Curtis: You know this is a really important point here; because, if you imagine going into a hotel, Jenny, it absolutely beautifully appointed, people greet you by name at the hotel, your check-in is flawless and your room has a spectacular view. However, your TV is broken, the image is snowy. So you call the front desk, they apologies profusely and they promise to send someone right up and you wait, you wait, you wait some more. Finally the repair man bangs loudly on the door, you open the door and he’s standing out there. He is disheveled, smelly and rude. He barges in past you, blames you for having to work late, and complains about hotel management while he’s fixing your TV there. If you think about your experience, the damage is just irreparable. This unprofessional behavior ruined your entire experience. And it may have caused the company to lose revenue. Because research shows that disgruntled customers tell three and thirty people about their bad experiences. And their online ratings and reviews reach thousands or millions more. All of those people who were exceptional at the front end of this particular process; their good work is undone by a single person. We live in an experience economy, where everything is all about the customer experience. Just one person can sabotage the work of 100s. What we learn by this little vignette here, is that customer loyalty needs to be everyone’s job. It cannot be the job of just one person or one group.
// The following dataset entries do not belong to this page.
lemma schnyder_labellingI:
  assumes "\<And>u w k. (u, w, k) \<in> R \<Longrightarrow> E u w \<and> u \<in> S \<and> w \<in> S \<and> {u, w} \<noteq> {C ! 0, C ! 1} \<and> (k = 1 \<or> k = 2)"
    and "\<And>u w. E u w \<Longrightarrow> u \<in> S \<Longrightarrow> w \<in> S \<Longrightarrow> {u, w} \<noteq> {C ! 0, C ! 1} \<Longrightarrow>
           \<exists>k. (u, w, k) \<in> R \<or> (w, u, k) \<in> R"
    and "\<And>u w k u' w' k'. (u, w, k) \<in> R \<Longrightarrow> (u', w', k') \<in> R \<Longrightarrow> {u, w} = {u', w'} \<Longrightarrow>
           u = u' \<and> w = w' \<and> k = k'"
    and "\<And>w. w \<in> S \<Longrightarrow> E (C ! 0) w \<Longrightarrow> w \<noteq> C ! 1 \<Longrightarrow> (C ! 0, w, 1) \<in> R \<and> \<not> green (C ! 0) w"
    and "\<And>w. w \<in> S \<Longrightarrow> E (C ! 1) w \<Longrightarrow> w \<noteq> C ! 0 \<Longrightarrow> (C ! 1, w, 1) \<in> R \<and> green (C ! 1) w"
    and "\<And>u w. (u, w, 2) \<in> R \<Longrightarrow> t u < t w"
    and "\<And>x. x \<in> S - {C ! 0, C ! 1} \<Longrightarrow> x \<notin> set C \<Longrightarrow> schnyder_vertex R green x"
    and "\<And>x a s. x \<in> S - {C ! 0, C ! 1} \<Longrightarrow> (a, x) \<in> cyclic_pairs C \<Longrightarrow> (x, s) \<in> cyclic_pairs C \<Longrightarrow>
           schnyder_segment S R green x a s"
  shows "schnyder_labelling S C R green t"
  unfolding schnyder_labelling_def using assms by blast

lemma schnyder_labelling_empty: "S = {C ! 0, C ! 1} \<Longrightarrow> schnyder_labelling S C {} green t"
  unfolding schnyder_labelling_def using adj_irrefl by (auto simp: insert_commute)

end

context plane_triangulation
begin
(* Let $K$ be a field and $X=\{y_{ij}\mid i,j\in\mathbb N,\ i\ge j\}$. For all $b_0,b_1\in K[X]$ the set $(\mathrm{Inc}(\mathbb N)b_0)\times(\mathrm{Inc}(\mathbb N)b_1)$ is the union of finitely many $\mathrm{Inc}(\mathbb N)$-orbits under the diagonal action.
   Context: $\mathrm{Inc}(\mathbb N)$ is the monoid of strictly increasing maps $\pi:\mathbb N\to\mathbb N$, acting on $K[X]$ by ring homomorphisms with $\pi y_{ij}=y_{\pi(i)\pi(j)}$; the diagonal action on $K[X]\times K[X]$ is $\pi(f,h)=(\pi f,\pi h)$, and an orbit is a set $\{\pi(f,h)\mid \pi\in\mathrm{Inc}(\mathbb N)\}$. *)

theory Defs
  imports Main "HOL-Library.Poly_Mapping"
begin

text \<open>Polynomials over a coefficient type 'k in variables indexed by nat \<times> nat
  (variable (i,j) stands for y_ij): a finitely supported map from monomials
  (finitely supported exponent vectors) to coefficients.\<close>

type_synonym 'k ypoly = "((nat \<times> nat) \<Rightarrow>\<^sub>0 nat) \<Rightarrow>\<^sub>0 'k"

definition Xvars :: "(nat \<times> nat) set" where
  "Xvars = {(i, j). j \<le> i}"

definition KX :: "'k::field ypoly set" where
  "KX = {f :: 'k ypoly. \<forall>m \<in> Poly_Mapping.keys f. Poly_Mapping.keys m \<subseteq> Xvars}"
How do you ensure that an entire corporation if focused on customer centricity?
Curtis: This is a real challenge, and its one that we are working with right now with the chief customer officer council, one that we are working with a number of chief customer officers from around the world. On resolving this particular issue or addressing this particular issue. I think there are three things that have come out of these discussions.
The first is modeled behavior from the top. The second is peer pressure; the third is rewards and incentives. I’ll talk about each of these for just a second. A couple of months ago I noticed that each of my three children were harrumphing in disgust if something didn’t go their way or they made a mistake. I was trying to figure out where they got it from. And one day I heard the tell-tale “harrumph” but without anyone around and I realized, shockingly, that it came from me. Similarly, employees will model behavior that they see in executives. The work ethic, the communication styles, the way that they run meetings, the way that they deal with difficult employees or difficult situations. And customer attitudes and focus is no different. Executives have to model behavior that shows how valuable customers are to the company.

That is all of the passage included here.